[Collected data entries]

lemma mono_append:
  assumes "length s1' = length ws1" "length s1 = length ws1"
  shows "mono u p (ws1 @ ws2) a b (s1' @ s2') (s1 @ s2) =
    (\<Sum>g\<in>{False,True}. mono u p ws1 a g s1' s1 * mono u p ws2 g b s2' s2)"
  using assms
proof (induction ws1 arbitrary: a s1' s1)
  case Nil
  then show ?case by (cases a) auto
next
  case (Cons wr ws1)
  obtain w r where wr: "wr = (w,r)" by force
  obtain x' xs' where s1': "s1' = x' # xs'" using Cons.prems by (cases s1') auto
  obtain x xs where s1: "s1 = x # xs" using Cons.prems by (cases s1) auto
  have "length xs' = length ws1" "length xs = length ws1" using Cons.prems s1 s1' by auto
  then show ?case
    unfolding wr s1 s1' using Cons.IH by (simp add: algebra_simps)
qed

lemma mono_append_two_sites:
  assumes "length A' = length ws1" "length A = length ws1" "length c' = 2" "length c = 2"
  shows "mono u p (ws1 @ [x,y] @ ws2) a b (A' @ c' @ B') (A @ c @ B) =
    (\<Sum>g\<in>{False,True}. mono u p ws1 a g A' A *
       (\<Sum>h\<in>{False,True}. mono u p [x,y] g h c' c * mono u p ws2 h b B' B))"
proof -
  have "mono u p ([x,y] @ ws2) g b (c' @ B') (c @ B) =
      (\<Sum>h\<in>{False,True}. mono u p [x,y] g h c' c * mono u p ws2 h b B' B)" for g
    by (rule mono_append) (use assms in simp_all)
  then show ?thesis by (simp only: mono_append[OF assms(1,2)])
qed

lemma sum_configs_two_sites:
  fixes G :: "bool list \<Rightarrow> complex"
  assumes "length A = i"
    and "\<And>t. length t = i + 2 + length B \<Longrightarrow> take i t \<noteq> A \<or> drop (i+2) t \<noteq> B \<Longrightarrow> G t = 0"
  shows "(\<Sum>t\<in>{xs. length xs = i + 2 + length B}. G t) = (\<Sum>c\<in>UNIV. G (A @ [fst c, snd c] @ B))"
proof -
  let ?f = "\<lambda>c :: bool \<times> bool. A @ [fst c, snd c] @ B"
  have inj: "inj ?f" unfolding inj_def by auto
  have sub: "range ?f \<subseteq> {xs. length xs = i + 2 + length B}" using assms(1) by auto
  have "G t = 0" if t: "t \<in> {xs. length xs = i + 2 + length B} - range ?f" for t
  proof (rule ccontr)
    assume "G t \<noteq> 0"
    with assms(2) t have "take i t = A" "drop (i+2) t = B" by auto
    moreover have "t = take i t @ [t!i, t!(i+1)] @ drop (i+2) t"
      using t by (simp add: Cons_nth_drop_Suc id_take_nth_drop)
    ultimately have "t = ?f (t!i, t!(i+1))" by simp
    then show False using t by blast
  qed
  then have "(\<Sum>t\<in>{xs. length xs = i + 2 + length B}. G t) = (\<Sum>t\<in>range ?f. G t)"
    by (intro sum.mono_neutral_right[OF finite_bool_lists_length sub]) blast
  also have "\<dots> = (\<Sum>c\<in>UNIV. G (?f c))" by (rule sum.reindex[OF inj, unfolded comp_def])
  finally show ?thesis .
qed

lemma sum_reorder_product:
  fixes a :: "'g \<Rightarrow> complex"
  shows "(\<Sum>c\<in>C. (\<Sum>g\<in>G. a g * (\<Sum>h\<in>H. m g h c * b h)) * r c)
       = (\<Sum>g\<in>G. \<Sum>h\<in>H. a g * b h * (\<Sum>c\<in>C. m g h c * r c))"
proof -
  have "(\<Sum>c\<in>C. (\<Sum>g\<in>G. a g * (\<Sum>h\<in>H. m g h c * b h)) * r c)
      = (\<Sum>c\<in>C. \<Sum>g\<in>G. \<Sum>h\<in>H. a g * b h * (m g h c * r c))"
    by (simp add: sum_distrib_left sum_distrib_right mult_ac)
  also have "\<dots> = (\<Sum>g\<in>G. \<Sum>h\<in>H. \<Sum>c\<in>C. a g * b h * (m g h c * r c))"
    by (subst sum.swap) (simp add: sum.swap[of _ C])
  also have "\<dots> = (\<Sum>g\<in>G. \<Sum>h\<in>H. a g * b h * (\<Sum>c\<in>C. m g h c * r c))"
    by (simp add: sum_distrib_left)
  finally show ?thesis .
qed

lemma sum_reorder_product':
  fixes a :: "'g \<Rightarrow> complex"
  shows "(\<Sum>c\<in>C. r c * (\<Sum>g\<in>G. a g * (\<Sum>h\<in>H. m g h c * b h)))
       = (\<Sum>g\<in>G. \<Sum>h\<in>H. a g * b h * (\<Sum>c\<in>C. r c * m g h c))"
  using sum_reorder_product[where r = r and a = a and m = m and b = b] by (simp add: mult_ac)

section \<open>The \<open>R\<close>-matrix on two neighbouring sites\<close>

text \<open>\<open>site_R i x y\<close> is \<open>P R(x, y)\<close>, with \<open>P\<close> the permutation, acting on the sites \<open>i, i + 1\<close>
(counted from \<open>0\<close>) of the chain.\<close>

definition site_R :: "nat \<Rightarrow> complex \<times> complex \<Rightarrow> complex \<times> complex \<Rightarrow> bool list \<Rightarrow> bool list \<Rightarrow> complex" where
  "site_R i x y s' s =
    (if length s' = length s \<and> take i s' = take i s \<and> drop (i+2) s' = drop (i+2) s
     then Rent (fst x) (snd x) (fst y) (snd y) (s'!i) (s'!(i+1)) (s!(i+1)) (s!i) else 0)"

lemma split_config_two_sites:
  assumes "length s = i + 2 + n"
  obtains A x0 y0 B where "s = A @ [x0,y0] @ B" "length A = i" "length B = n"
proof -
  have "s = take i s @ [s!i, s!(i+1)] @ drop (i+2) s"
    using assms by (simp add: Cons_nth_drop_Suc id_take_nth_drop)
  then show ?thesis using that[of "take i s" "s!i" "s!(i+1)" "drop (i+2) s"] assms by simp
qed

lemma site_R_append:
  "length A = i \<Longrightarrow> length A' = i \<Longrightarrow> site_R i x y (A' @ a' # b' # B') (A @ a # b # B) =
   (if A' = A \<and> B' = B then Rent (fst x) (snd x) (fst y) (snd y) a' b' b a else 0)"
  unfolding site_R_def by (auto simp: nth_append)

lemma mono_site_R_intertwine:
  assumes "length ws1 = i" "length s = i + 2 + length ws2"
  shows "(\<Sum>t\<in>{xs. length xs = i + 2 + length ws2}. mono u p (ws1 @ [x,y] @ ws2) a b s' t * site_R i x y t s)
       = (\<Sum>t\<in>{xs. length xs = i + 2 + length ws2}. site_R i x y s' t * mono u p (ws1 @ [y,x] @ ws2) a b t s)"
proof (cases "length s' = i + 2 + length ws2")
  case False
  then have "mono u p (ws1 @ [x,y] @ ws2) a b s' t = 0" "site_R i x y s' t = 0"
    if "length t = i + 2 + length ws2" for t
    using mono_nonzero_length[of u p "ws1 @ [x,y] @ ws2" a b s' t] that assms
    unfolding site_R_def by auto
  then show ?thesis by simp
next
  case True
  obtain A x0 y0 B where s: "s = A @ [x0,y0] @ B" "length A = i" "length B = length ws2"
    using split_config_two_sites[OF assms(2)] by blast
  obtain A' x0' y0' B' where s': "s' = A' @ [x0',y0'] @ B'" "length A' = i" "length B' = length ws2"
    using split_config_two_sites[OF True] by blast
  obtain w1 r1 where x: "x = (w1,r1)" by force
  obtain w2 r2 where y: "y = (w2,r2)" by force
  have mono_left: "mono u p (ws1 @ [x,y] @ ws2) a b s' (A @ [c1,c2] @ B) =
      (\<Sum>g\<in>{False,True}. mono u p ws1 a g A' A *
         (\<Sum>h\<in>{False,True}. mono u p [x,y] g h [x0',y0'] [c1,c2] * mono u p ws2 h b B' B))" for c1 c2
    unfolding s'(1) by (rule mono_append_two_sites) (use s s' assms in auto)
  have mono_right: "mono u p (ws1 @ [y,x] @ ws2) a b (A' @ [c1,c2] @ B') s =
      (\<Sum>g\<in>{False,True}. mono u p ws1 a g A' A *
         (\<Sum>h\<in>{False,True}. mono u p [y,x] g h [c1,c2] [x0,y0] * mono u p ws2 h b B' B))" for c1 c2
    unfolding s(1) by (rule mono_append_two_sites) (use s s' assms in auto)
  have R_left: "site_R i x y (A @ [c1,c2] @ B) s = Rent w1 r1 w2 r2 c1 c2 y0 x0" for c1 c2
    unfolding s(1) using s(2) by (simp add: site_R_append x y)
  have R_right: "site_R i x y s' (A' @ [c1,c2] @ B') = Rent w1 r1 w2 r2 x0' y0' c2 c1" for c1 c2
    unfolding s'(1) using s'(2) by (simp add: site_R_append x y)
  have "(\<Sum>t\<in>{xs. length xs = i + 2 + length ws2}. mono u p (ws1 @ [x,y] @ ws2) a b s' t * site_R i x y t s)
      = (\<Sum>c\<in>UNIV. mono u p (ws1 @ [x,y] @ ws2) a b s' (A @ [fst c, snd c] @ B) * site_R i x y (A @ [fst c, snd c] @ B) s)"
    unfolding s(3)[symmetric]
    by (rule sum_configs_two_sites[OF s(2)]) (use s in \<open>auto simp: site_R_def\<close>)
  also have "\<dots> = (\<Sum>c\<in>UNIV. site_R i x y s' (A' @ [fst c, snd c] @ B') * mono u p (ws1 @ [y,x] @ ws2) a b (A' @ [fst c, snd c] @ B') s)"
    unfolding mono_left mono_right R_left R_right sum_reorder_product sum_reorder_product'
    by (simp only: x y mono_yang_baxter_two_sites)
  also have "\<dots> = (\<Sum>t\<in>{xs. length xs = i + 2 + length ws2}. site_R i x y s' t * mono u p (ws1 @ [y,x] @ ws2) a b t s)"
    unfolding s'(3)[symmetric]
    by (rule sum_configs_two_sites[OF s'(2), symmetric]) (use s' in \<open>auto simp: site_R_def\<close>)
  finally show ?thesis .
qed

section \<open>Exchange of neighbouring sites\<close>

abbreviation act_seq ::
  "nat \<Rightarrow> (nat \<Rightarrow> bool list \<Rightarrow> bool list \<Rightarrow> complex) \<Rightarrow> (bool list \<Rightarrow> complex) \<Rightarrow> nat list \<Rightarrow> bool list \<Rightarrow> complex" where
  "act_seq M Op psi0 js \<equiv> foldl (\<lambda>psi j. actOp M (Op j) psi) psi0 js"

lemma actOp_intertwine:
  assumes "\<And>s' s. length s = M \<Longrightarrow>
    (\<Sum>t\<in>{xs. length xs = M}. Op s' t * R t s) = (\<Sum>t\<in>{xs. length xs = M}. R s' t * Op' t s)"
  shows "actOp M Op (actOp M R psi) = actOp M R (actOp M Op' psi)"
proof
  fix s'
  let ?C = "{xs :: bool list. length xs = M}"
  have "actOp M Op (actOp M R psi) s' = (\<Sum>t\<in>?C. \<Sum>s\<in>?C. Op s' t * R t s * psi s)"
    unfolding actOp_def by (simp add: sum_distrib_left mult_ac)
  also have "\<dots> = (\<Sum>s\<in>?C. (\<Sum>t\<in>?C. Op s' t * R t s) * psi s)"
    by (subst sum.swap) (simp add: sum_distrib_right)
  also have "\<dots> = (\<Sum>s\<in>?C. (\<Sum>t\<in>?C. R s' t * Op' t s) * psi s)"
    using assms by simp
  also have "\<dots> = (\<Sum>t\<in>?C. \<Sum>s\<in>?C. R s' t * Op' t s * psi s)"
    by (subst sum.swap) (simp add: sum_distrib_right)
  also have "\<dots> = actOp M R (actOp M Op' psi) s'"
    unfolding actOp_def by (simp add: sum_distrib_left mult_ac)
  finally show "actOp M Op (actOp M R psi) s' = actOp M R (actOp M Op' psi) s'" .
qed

WHAT TO PRODUCE:
Transcribe each line of the data above, unaltered, from the one where "section \<open>The \<open>R\<close>-matrix" appears to the one where "i \<Longrightarrow> length" appears, inclusive of both.

EXERCISE ANSWER:
section \<open>The \<open>R\<close>-matrix on two neighbouring sites\<close>

text \<open>\<open>site_R i x y\<close> is \<open>P R(x, y)\<close>, with \<open>P\<close> the permutation, acting on the sites \<open>i, i + 1\<close>
(counted from \<open>0\<close>) of the chain.\<close>

definition site_R :: "nat \<Rightarrow> complex \<times> complex \<Rightarrow> complex \<times> complex \<Rightarrow> bool list \<Rightarrow> bool list \<Rightarrow> complex" where
  "site_R i x y s' s =
    (if length s' = length s \<and> take i s' = take i s \<and> drop (i+2) s' = drop (i+2) s
     then Rent (fst x) (snd x) (fst y) (snd y) (s'!i) (s'!(i+1)) (s!(i+1)) (s!i) else 0)"

lemma split_config_two_sites:
  assumes "length s = i + 2 + n"
  obtains A x0 y0 B where "s = A @ [x0,y0] @ B" "length A = i" "length B = n"
proof -
  have "s = take i s @ [s!i, s!(i+1)] @ drop (i+2) s"
    using assms by (simp add: Cons_nth_drop_Suc id_take_nth_drop)
  then show ?thesis using that[of "take i s" "s!i" "s!(i+1)" "drop (i+2) s"] assms by simp
qed

lemma site_R_append:
  "length A = i \<Longrightarrow> length A' = i \<Longrightarrow> site_R i x y (A' @ a' # b' # B') (A @ a # b # B) =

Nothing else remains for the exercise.